== Supplied data
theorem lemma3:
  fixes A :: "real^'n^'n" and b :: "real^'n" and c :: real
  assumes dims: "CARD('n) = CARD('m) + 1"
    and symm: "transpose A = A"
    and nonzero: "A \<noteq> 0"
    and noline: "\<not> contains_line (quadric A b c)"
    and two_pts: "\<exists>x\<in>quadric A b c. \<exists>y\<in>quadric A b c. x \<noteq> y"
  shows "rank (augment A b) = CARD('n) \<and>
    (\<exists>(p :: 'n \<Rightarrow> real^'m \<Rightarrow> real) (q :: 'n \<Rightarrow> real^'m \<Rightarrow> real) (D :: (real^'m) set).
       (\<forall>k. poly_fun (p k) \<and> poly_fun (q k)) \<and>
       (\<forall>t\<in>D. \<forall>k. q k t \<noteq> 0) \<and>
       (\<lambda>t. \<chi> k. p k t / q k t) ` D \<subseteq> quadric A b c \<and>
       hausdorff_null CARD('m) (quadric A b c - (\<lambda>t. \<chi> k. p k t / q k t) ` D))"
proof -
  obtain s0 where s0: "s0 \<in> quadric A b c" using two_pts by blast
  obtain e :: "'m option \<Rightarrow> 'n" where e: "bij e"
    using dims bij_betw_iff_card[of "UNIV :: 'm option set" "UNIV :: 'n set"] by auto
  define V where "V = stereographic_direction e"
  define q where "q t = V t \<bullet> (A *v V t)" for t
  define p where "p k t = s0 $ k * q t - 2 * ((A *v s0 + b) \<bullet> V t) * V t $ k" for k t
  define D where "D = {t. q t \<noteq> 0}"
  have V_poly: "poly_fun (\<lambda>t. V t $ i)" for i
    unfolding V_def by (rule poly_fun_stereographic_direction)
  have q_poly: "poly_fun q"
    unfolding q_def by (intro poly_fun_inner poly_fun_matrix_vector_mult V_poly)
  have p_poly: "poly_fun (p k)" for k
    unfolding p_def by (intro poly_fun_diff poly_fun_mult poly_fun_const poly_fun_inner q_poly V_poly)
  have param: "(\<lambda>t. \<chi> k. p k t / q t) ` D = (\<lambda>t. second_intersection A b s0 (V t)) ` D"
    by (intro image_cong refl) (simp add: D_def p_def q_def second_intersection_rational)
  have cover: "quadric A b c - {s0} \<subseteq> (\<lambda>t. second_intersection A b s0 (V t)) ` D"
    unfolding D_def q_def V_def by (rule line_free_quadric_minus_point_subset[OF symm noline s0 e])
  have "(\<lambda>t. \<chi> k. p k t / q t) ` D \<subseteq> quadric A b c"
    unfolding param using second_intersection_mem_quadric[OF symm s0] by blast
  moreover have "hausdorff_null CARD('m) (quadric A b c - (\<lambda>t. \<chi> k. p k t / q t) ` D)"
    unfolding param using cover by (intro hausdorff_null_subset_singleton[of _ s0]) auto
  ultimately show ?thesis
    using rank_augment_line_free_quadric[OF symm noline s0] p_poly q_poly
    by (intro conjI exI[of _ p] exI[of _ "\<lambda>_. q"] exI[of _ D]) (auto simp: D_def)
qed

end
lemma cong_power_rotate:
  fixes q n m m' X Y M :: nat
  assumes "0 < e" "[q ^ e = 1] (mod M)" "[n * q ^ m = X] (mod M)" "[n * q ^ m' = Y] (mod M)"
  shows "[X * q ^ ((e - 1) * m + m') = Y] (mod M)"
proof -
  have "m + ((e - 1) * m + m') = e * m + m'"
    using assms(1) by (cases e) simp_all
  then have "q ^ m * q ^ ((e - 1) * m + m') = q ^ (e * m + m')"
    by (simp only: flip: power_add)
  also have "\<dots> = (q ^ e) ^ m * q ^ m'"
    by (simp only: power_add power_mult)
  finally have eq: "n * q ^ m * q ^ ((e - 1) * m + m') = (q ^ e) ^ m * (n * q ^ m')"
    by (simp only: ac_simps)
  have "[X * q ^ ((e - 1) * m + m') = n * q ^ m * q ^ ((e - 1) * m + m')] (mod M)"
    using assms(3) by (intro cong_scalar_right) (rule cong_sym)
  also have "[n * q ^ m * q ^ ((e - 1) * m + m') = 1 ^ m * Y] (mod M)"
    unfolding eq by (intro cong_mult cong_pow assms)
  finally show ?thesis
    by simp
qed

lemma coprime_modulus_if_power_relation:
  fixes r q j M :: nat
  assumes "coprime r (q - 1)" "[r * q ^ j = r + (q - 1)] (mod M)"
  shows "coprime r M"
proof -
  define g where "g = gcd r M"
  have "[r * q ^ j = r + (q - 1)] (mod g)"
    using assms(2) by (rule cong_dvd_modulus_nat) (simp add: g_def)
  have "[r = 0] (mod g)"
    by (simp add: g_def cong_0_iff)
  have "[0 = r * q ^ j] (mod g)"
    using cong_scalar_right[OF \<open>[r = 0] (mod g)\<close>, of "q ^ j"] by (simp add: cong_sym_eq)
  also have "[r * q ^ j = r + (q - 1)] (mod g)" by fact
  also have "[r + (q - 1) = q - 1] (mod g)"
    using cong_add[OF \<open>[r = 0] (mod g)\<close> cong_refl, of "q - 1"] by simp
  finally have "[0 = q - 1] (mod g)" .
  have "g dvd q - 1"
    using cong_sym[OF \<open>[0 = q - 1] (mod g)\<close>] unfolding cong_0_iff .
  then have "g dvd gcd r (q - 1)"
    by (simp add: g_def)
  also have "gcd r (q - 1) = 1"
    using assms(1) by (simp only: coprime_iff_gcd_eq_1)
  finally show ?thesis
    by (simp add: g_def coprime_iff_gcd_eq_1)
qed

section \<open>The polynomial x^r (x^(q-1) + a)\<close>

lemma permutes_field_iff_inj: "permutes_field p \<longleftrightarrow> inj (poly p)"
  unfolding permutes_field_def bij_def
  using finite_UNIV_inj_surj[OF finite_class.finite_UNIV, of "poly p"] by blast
====
== Supplied data
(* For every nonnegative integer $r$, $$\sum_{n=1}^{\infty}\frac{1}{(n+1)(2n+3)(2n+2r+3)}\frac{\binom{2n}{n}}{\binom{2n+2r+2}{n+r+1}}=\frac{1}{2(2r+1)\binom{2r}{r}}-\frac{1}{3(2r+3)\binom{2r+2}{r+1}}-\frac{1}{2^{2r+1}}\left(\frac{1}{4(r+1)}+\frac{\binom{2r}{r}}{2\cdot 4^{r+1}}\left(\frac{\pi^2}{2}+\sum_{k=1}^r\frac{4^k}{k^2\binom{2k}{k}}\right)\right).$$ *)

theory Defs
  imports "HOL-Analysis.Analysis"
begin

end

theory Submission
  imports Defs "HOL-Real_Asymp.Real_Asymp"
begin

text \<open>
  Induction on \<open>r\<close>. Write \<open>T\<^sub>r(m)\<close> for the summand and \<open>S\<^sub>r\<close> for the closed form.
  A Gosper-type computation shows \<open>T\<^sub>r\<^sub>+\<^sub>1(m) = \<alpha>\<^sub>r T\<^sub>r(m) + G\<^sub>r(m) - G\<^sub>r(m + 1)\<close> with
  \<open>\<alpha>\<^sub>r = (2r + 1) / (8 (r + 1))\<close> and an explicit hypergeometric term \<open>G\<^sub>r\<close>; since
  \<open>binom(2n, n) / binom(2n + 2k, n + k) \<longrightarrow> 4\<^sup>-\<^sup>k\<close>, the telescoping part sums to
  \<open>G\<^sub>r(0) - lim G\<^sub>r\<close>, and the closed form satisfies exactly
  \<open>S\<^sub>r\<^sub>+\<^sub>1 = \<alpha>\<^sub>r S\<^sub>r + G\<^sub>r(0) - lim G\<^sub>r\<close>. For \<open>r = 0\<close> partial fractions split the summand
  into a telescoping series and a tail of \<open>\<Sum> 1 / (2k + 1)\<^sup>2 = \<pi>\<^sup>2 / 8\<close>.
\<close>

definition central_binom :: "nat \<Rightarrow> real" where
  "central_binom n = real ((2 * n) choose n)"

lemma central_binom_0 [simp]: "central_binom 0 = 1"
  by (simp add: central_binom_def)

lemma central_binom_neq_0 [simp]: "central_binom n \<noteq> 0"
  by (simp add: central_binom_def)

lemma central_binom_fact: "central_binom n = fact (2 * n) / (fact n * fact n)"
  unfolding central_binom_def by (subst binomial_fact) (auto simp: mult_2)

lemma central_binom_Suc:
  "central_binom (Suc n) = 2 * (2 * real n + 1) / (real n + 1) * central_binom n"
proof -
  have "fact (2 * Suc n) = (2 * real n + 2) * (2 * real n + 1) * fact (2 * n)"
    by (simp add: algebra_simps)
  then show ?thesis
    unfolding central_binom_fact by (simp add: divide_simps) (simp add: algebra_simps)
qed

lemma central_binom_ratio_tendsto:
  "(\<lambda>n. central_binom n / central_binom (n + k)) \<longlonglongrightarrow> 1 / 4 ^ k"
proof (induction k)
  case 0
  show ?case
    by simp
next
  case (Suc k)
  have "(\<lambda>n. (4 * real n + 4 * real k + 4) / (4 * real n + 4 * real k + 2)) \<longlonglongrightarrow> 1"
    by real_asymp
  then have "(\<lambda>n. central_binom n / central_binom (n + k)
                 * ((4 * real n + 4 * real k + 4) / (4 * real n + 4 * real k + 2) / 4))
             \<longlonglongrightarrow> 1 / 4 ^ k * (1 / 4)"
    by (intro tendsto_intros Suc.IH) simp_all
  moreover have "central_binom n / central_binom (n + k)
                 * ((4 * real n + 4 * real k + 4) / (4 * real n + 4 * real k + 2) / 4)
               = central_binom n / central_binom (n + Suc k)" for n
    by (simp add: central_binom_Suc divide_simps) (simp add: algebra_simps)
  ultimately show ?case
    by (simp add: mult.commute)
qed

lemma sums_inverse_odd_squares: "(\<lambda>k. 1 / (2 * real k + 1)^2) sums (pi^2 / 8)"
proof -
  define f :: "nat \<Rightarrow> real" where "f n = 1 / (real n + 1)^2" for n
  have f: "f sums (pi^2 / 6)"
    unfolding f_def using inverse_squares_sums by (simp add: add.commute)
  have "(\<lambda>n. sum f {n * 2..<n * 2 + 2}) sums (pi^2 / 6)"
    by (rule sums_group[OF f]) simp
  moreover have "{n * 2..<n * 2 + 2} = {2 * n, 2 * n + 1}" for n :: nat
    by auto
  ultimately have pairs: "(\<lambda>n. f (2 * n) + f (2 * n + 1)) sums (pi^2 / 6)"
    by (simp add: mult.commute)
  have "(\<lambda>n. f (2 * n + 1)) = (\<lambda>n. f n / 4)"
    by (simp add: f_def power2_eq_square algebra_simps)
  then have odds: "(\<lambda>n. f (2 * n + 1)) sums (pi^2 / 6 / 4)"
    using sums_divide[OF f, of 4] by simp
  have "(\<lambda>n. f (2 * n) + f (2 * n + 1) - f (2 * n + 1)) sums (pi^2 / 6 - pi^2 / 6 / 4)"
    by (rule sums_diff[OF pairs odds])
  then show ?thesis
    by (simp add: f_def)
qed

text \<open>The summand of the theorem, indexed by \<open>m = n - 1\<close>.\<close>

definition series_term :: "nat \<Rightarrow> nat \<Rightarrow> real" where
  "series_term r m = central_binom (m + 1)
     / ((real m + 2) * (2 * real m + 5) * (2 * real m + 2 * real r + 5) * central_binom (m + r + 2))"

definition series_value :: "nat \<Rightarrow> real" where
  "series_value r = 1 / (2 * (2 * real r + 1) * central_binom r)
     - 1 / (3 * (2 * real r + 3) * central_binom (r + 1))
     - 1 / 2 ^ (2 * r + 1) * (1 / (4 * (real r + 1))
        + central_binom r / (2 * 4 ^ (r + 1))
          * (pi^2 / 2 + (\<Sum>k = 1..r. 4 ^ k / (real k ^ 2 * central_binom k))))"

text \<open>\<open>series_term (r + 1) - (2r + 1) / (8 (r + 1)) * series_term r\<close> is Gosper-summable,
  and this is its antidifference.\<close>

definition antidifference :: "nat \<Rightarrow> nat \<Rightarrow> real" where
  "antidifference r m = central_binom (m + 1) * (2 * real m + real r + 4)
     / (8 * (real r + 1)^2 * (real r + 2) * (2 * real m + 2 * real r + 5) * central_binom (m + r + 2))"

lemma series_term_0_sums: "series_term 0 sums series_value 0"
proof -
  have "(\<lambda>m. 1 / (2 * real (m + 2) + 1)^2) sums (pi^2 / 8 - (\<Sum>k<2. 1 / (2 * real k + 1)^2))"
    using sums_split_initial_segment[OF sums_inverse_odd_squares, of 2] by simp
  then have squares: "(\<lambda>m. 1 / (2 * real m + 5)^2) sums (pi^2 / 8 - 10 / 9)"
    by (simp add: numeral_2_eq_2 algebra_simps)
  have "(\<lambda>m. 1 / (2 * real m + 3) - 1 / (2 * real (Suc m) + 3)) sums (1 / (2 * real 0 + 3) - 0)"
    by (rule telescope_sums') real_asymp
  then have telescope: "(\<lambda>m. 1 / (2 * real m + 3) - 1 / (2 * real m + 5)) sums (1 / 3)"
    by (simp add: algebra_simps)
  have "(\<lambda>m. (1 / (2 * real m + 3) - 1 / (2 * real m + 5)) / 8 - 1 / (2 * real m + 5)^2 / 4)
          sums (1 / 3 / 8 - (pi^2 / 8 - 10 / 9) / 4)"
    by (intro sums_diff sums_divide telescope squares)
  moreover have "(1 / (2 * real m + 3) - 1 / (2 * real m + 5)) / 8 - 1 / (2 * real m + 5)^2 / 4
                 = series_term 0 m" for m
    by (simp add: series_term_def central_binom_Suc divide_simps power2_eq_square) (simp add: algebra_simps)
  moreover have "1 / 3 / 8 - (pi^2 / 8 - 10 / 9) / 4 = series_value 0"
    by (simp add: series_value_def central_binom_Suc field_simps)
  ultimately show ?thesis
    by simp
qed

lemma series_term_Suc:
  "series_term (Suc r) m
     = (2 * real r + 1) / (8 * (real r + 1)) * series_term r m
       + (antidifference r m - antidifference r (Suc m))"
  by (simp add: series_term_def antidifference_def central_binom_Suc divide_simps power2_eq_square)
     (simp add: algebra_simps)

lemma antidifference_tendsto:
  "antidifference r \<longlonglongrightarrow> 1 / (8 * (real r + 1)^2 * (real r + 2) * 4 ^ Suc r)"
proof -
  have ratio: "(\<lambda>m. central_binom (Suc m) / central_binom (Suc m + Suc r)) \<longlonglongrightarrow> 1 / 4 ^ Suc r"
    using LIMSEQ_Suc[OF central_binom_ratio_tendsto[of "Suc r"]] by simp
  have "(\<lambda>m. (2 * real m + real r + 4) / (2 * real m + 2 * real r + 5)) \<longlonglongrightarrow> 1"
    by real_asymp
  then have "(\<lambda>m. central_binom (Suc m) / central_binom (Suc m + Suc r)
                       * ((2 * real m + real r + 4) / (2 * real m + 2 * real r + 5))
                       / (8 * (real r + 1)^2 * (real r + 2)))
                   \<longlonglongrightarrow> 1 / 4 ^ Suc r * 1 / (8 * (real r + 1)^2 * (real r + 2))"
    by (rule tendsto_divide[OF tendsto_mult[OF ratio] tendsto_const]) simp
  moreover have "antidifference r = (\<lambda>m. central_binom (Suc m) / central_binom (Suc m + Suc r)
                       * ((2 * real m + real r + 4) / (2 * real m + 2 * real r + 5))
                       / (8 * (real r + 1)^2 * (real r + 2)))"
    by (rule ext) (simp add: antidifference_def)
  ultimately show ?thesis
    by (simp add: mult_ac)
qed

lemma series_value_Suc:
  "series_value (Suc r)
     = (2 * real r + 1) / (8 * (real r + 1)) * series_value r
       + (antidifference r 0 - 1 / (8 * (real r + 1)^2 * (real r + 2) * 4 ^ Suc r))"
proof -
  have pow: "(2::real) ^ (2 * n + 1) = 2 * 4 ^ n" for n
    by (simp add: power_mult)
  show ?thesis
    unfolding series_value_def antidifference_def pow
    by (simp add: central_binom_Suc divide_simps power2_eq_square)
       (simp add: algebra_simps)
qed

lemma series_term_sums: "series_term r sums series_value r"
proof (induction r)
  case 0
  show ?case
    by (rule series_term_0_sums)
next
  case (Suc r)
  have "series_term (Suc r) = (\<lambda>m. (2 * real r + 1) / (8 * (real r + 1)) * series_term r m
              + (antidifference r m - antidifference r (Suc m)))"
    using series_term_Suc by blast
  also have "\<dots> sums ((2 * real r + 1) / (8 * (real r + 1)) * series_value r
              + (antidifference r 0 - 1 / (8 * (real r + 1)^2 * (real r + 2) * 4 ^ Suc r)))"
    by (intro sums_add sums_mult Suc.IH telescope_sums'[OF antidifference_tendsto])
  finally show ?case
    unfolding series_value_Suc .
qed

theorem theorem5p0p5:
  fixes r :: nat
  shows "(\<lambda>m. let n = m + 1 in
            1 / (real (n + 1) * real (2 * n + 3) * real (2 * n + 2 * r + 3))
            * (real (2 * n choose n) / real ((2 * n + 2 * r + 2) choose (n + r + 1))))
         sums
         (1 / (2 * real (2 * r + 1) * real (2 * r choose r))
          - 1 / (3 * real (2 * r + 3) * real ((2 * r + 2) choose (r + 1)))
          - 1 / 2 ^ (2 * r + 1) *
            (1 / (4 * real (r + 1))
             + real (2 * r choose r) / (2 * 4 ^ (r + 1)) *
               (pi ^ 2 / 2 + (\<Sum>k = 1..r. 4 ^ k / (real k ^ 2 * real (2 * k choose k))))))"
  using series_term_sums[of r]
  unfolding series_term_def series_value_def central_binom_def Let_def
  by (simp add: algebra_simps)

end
====
Task item –
Note every line above where the string "imports" shows up, and copy those lines.

Worked solution –
  imports "HOL-Analysis.Analysis"
  imports Defs "HOL-Real_Asymp.Real_Asymp"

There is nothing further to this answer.